An `agentSchema` for a conversational agent: open shapes for messages, and per-tool definitions for `web_search` and `read_file`:

```typescript
import { init } from '@prefactor/core';
import { PrefactorLangChain } from '@prefactor/langchain';

const openObject = {
  type: 'object',
  additionalProperties: true,
} as const;

const agentSchema = {
  span_schemas: {
    user_message: openObject,
    assistant_message: openObject,
    web_search: {
      type: 'object',
      properties: {
        query: { type: 'string' },
        max_results: { type: 'number' },
      },
      required: ['query'],
      additionalProperties: false,
    },
    read_file: {
      type: 'object',
      properties: {
        path: { type: 'string' },
      },
      required: ['path'],
      additionalProperties: false,
    },
  },
  span_result_schemas: {
    user_message: openObject,
    assistant_message: {
      type: 'object',
      properties: {
        content: { type: 'string' },
      },
      required: ['content'],
      additionalProperties: true,
    },
    web_search: {
      type: 'object',
      properties: {
        results: { type: 'array' },
      },
      required: ['results'],
      additionalProperties: true,
    },
    read_file: {
      type: 'object',
      properties: {
        contents: { type: 'string' },
      },
      required: ['contents'],
      additionalProperties: false,
    },
  },
};

const prefactor = init({
  provider: new PrefactorLangChain(),
  httpConfig: {
    apiUrl: process.env.PREFACTOR_API_URL!,
    apiToken: process.env.PREFACTOR_API_TOKEN!,
    agentIdentifier: '1.0.0',
    agentSchema,
  },
});
```

## Python example

The Python SDK follows the same schema model. Pass your schema as `agent_schema` in the client config:

```python
import os
from prefactor_core import PrefactorCoreClient, PrefactorCoreConfig
from prefactor_http import HttpClientConfig

OPEN_OBJECT = {"type": "object", "additionalProperties": True}

agent_schema = {
    "span_schemas": {
        "user_message": OPEN_OBJECT,
        "assistant_message": OPEN_OBJECT,
        "web_search": {
            "type": "object",
            "properties": {
                "query": {"type": "string"},
                "max_results": {"type": "number"},
            },
            "required": ["query"],
            "additionalProperties": False,
        },
        "read_file": {
            "type": "object",
            "properties": {
                "path": {"type": "string"},
            },
            "required": ["path"],
            "additionalProperties": False,
        },
    },
    "span_result_schemas": {
        "user_message": OPEN_OBJECT,
        "assistant_message": {
            "type": "object",
            "properties": {
                "content": {"type": "string"},
            },
            "required": ["content"],
            "additionalProperties": True,
        },
        "web_search": {
            "type": "object",
            "properties": {
                "results": {"type": "array"},
            },
            "required": ["results"],
            "additionalProperties": True,
        },
        "read_file": {
            "type": "object",
            "properties": {
                "contents": {"type": "string"},
            },
            "required": ["contents"],
            "additionalProperties": False,
        },
    },
}

config = PrefactorCoreConfig(
    http_config=HttpClientConfig(
        api_url="https://app.prefactorai.com",
        api_token=os.environ["PREFACTOR_API_TOKEN"],
        agent_schema=agent_schema,
    )
)

client = PrefactorCoreClient(config)
await client.initialize()
```

See the [Python SDK reference](/sdks/python-sdk/api/core) for the exact parameter names.

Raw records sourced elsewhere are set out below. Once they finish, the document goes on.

(* (1) Let $\mu\in(\mathbb Z^n_{\ge0})_+$ and $n\ge b\ge a\ge\ell(\mu)$. Let $E\in B(\varpi_a)$, $F\in B(\varpi_b)$ with $E\otimes T^0_\mu$ semistandard, and let $j\in[n-1]$ with $j\notin E$, $j+1\in E$. Then $$\Psi_{F\otimes E\otimes T^0_\mu}=\begin{cases}tT_j^{-1}\Psi_{s_jF\otimes s_jE\otimes T^0_\mu},& s_jF\le F,\\ T_j\Psi_{s_jF\otimes s_jE\otimes T^0_\mu}+(1-t)\Psi_{F\otimes s_jE\otimes T^0_\mu},& s_jF\ge F.\end{cases}$$ (2) Let $n\ge b\ge a\ge1$, $E\in B(\varpi_a)$, $F\in B(\varpi_b)$, and $j\in[n-1]$ with $s_jE\le E$. Then $$\Psi_{F\otimes E}=\begin{cases}tT_j^{-1}\Psi_{s_jF\otimes s_jE},& s_jF\le F,\\ T_j\Psi_{s_jF\otimes s_jE}+(1-t)\Psi_{F\otimes s_jE},& s_jF\ge F.\end{cases}$$
   Context: Fix $n\ge1$, $[n]=\{1,\dots,n\}$. $S_n$ with simple transpositions $s_i$ and length $\ell(\cdot)$ acts on $\mathbb Z^n$ by permuting coordinates; $\varpi_k=\varepsilon_1+\dots+\varepsilon_k$. $(\mathbb Z^n_{\ge0})_+=\{\mu\in\mathbb Z^n_{\ge0}:\mu_1\ge\dots\ge\mu_n\}$, $\ell(\mu)$ = number of nonzero parts; $S_{n,\lambda}$ the stabilizer. The affine Hecke algebra $H$ is the $\mathbb Z[t^{\pm1}]$-algebra with generators $T_1,\dots,T_{n-1},X_1^{\pm1},\dots,X_n^{\pm1}$ and relations $T_i^2=(t-1)T_i+t$, $T_iT_{i+1}T_i=T_{i+1}T_iT_{i+1}$, $T_iT_j=T_jT_i$ ($|i-j|>1$), $X_iX_j=X_jX_i$, $T_iX_iT_i=tX_{i+1}$, $T_iX_j=X_jT_i$ ($j\notin\{i,i+1\}$). $T_w$ via reduced words; $H_n=\mathrm{span}\{T_w\}$, $H_{n,\lambda}=\mathrm{span}\{T_w:w\in S_{n,\lambda}\}$, $\mathbf 1_\lambda=\sum_{w\in S_{n,\lambda}}T_w$. Columns: $B(\varpi_\ell)$ is the set of $C=(c_1<\dots<c_\ell)\subseteq[n]$; order $E\le F$ iff $e_i\le f_i$ for all $i$; $s_jC$ is the column whose underlying set is the image of $C$ under $(j,j+1)$; $u_C\in S_n$ sends $k\mapsto c_k$ ($k\le\ell$) and $\ell+1,\dots,n$ increasingly onto $[n]\setminus C$. Tensors of columns with weakly decreasing lengths from left to right are fillings of Young diagrams; semistandard means rows weakly increase left to right. $T^0_\mu$ is the tableau of shape $\mu$ with row $i$ filled by $i$. $\Psi$: each $h\in H_n$ is uniquely $\sum_{F\in B(\varpi_\ell)}T_{u_F}h_F$, $h_F\in H_{n,\varpi_\ell}$. $\Psi_C=t^{\ell(u_C)}(T_{u_C^{-1}})^{-1}\mathbf 1_{\varpi_\ell}$ for $C\in B(\varpi_\ell)$; for $T=C\otimes S$ ($C\in B(\varpi_\ell)$, $S$ with columns of length $\le\ell$), write $\Psi_S=\sum_ET_{u_E}h_{E,S}$ ($h_{E,S}\in H_{n,\varpi_\ell}$) and set $\Psi_T=t^{\ell(u_C)}(T_{u_C^{-1}})^{-1}h_{C,S}$. *)

theory Defs
  imports "HOL-Combinatorics.Combinatorics"
begin

(* Permutations of [n] are functions nat => nat permuting {1..n} (fixing everything else).
   Elements of the finite Hecke algebra H_n over a commutative ring with an invertible
   parameter t are coefficient functions h : perm => 'a, h = sum_w h(w) T_w,
   supported on S_n. *)

type_synonym perm = "nat \<Rightarrow> nat"
type_synonym 'a hecke = "perm \<Rightarrow> 'a"

definition Sn :: "nat \<Rightarrow> perm set" where
  "Sn n = {w. w permutes {1..n}}"

definition sref :: "nat \<Rightarrow> perm" where
  "sref i = Transposition.transpose i (Suc i)"

definition plen :: "nat \<Rightarrow> perm \<Rightarrow> nat" where
  "plen n w = card {(i, j). 1 \<le> i \<and> i < j \<and> j \<le> n \<and> w j < w i}"

definition redword :: "nat \<Rightarrow> perm \<Rightarrow> nat list" where
  "redword n w = (SOME is. set is \<subseteq> {1..<n} \<and> length is = plen n w \<and>
                     foldr (\<lambda>i f. sref i \<circ> f) is id = w)"

definition hT :: "perm \<Rightarrow> 'a::comm_ring_1 hecke" where
  "hT w = (\<lambda>u. if u = w then 1 else 0)"

definition hone :: "'a::comm_ring_1 hecke" where
  "hone = hT id"

definition Hn :: "nat \<Rightarrow> 'a::comm_ring_1 hecke set" where
  "Hn n = {h. \<forall>w. w \<notin> Sn n \<longrightarrow> h w = 0}"

(* left multiplication by T_{s_i}:
   T_i T_u = T_{s_i u} if l(s_i u) > l(u), and (t-1) T_u + t T_{s_i u} otherwise *)
definition hgen :: "nat \<Rightarrow> 'a::comm_ring_1 \<Rightarrow> nat \<Rightarrow> 'a hecke \<Rightarrow> 'a hecke" where
  "hgen n t i v = (\<lambda>w. if plen n (sref i \<circ> w) < plen n w
                        then v (sref i \<circ> w) + (t - 1) * v w
                        else t * v (sref i \<circ> w))"

definition hop :: "nat \<Rightarrow> 'a::comm_ring_1 \<Rightarrow> perm \<Rightarrow> 'a hecke \<Rightarrow> 'a hecke" where
  "hop n t w v = foldr (hgen n t) (redword n w) v"

definition hmul :: "nat \<Rightarrow> 'a::comm_ring_1 \<Rightarrow> 'a hecke \<Rightarrow> 'a hecke \<Rightarrow> 'a hecke" where
  "hmul n t h v = (\<lambda>x. \<Sum>w\<in>Sn n. h w * hop n t w v x)"

definition hinv :: "nat \<Rightarrow> 'a::comm_ring_1 \<Rightarrow> 'a hecke \<Rightarrow> 'a hecke" where
  "hinv n t h = (THE g. g \<in> Hn n \<and> hmul n t h g = hone \<and> hmul n t g h = hone)"

(* stabilizer S_{n,varpi_l} of varpi_l = e_1 + ... + e_l *)
definition Stab :: "nat \<Rightarrow> nat \<Rightarrow> perm set" where
  "Stab n l = {w \<in> Sn n. w ` {1..l} = {1..l}}"

definition Hsub :: "nat \<Rightarrow> nat \<Rightarrow> 'a::comm_ring_1 hecke set" where
  "Hsub n l = {h. \<forall>w. w \<notin> Stab n l \<longrightarrow> h w = 0}"

definition one_l :: "nat \<Rightarrow> nat \<Rightarrow> 'a::comm_ring_1 hecke" where
  "one_l n l = (\<lambda>w. if w \<in> Stab n l then 1 else 0)"

(* columns: B(varpi_l), a column C = (c_1 < ... < c_l) is a strictly increasing list *)
definition cols :: "nat \<Rightarrow> nat \<Rightarrow> nat list set" where
  "cols n l = {C. sorted_wrt (<) C \<and> length C = l \<and> set C \<subseteq> {1..n}}"

definition cle :: "nat list \<Rightarrow> nat list \<Rightarrow> bool" where
  "cle E F \<longleftrightarrow> length E = length F \<and> (\<forall>i<length E. E ! i \<le> F ! i)"

definition scol :: "nat \<Rightarrow> nat list \<Rightarrow> nat list" where
  "scol j C = sorted_list_of_set (sref j ` set C)"

definition ucol :: "nat \<Rightarrow> nat list \<Rightarrow> perm" where
  "ucol n C = (\<lambda>k. if 1 \<le> k \<and> k \<le> length C then C ! (k - 1)
                   else if length C < k \<and> k \<le> n
                   then sorted_list_of_set ({1..n} - set C) ! (k - length C - 1)
                   else k)"

definition hdec :: "nat \<Rightarrow> 'a::comm_ring_1 \<Rightarrow> nat \<Rightarrow> 'a hecke \<Rightarrow> nat list \<Rightarrow> 'a hecke" where
  "hdec n t l h = (THE f. (\<forall>F. F \<notin> cols n l \<longrightarrow> f F = (\<lambda>_. 0)) \<and>
                          (\<forall>F\<in>cols n l. f F \<in> Hsub n l) \<and>
                          (\<forall>x. h x = (\<Sum>F\<in>cols n l. hmul n t (hT (ucol n F)) (f F) x)))"

(* Psi on tensors of columns C_1 (x) C_2 (x) ... (x) C_m (lists of columns, leftmost first) *)
fun Psi :: "nat \<Rightarrow> 'a::comm_ring_1 \<Rightarrow> nat list list \<Rightarrow> 'a hecke" where
  "Psi n t [] = (\<lambda>_. 0)"
| "Psi n t [C] = (\<lambda>x. t ^ plen n (ucol n C) *
      hmul n t (hinv n t (hT (inv (ucol n C)))) (one_l n (length C)) x)"
| "Psi n t (C # D # S) = (\<lambda>x. t ^ plen n (ucol n C) *
      hmul n t (hinv n t (hT (inv (ucol n C)))) (hdec n t (length C) (Psi n t (D # S)) C) x)"

definition dominant :: "nat \<Rightarrow> nat list \<Rightarrow> bool" where
  "dominant n mu \<longleftrightarrow> length mu = n \<and> sorted_wrt (\<ge>) mu"

definition lenpart :: "nat list \<Rightarrow> nat" where
  "lenpart mu = length (filter (\<lambda>x. x \<noteq> 0) mu)"

(* T^0_mu as a list of columns: column k = {1, ..., mu'_k} *)
definition T0 :: "nat \<Rightarrow> nat list \<Rightarrow> nat list list" where
  "T0 n mu = map (\<lambda>k. [1..<Suc (card {i. i < n \<and> k \<le> mu ! i})])
                 [1..<Suc (Max (insert 0 (set mu)))]"

definition semistandard :: "nat list list \<Rightarrow> bool" where
  "semistandard cs \<longleftrightarrow> (\<forall>k. Suc k < length cs \<longrightarrow>
      length (cs ! Suc k) \<le> length (cs ! k) \<and>
      (\<forall>r < length (cs ! Suc k). cs ! k ! r \<le> cs ! Suc k ! r))"

end

theory Submission
  imports Defs
begin

text \<open>
  \<open>\<Psi>\<close> is built one column at a time: \<open>\<Psi>\<^bsub>F \<otimes> S\<^esub>\<close> is \<open>t\<^bsup>\<ell>(u\<^sub>F)\<^esup> (T\<^bsub>u\<^sub>F\<^sup>-\<^sup>1\<^esub>)\<^sup>-\<^sup>1\<close>
  applied to the component of \<open>\<Psi>\<^sub>S\<close> along the coset \<open>u\<^sub>F S\<^sub>n\<^sub>,\<^sub>l\<close>.  The heart of the proof is
  that a relation \<open>\<Psi>\<^bsub>E \<otimes> S\<^esub> = t T\<^sub>j\<^sup>-\<^sup>1 \<Psi>\<^bsub>s\<^sub>jE \<otimes> S\<^esub>\<close> propagates one column to the left,
  in the two forms of the proposition according to whether \<open>s\<^sub>j\<close> moves \<open>F\<close> down or up.
  This holds because \<open>T\<^sub>j\<close> acts on the components through the Hecke relations: either
  \<open>s\<^sub>j u\<^sub>F = u\<^bsub>s\<^sub>jF\<^esub>\<close> is again a minimal coset representative, or \<open>s\<^sub>j u\<^sub>F = u\<^sub>F s\<^sub>k\<close> with \<open>s\<^sub>k\<close>
  in the stabiliser.  The relation is started by a single column \<open>E\<close> with \<open>s\<^sub>jE \<le> E\<close>, or by
  \<open>E \<otimes> T\<^sup>0\<^sub>\<mu>\<close>: semistandardness puts \<open>j\<close> beyond every column of \<open>T\<^sup>0\<^sub>\<mu>\<close>, so \<open>T\<^sub>j\<close> acts on
  \<open>\<Psi>\<^bsub>T\<^sup>0\<^sub>\<mu>\<^esub>\<close> by \<open>t\<close>.

  The Hecke algebra is given concretely by coefficient functions.  Its associativity comes from
  the fact that left and right multiplications by generators commute, so that an operator
  commuting with right multiplications is determined by its value at \<open>T\<^sub>1\<close>.
\<close>

section \<open>Inversions and descents\<close>

definition inversions :: "nat \<Rightarrow> perm \<Rightarrow> (nat \<times> nat) set" where
  "inversions n w = {(i, j). 1 \<le> i \<and> i < j \<and> j \<le> n \<and> w j < w i}"

lemma plen_eq_card_inversions: "plen n w = card (inversions n w)"
  unfolding plen_def inversions_def by simp

lemma finite_inversions [simp]: "finite (inversions n w)"
  by (rule finite_subset[of _ "{1..n} \<times> {1..n}"]) (auto simp: inversions_def)

lemma sref_permutes: "1 \<le> i \<Longrightarrow> i < n \<Longrightarrow> sref i permutes {1..n}"
  unfolding sref_def by (rule permutes_swap_id) auto

lemma sref_comp_sref [simp]: "sref i \<circ> sref i = id"
  unfolding sref_def by simp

## Activity schema in the web app

The schema you register from the SDK appears in the **Activity schema** tab of the agent in the Prefactor web app. The span type identifiers you define (for example `user_message`, `assistant_message`, `web_search`) correspond to the span types shown there. See the [Agent › Activity schema tab](/admin-ui/agent/activity-schemas) to view deployed schemas and their validation status.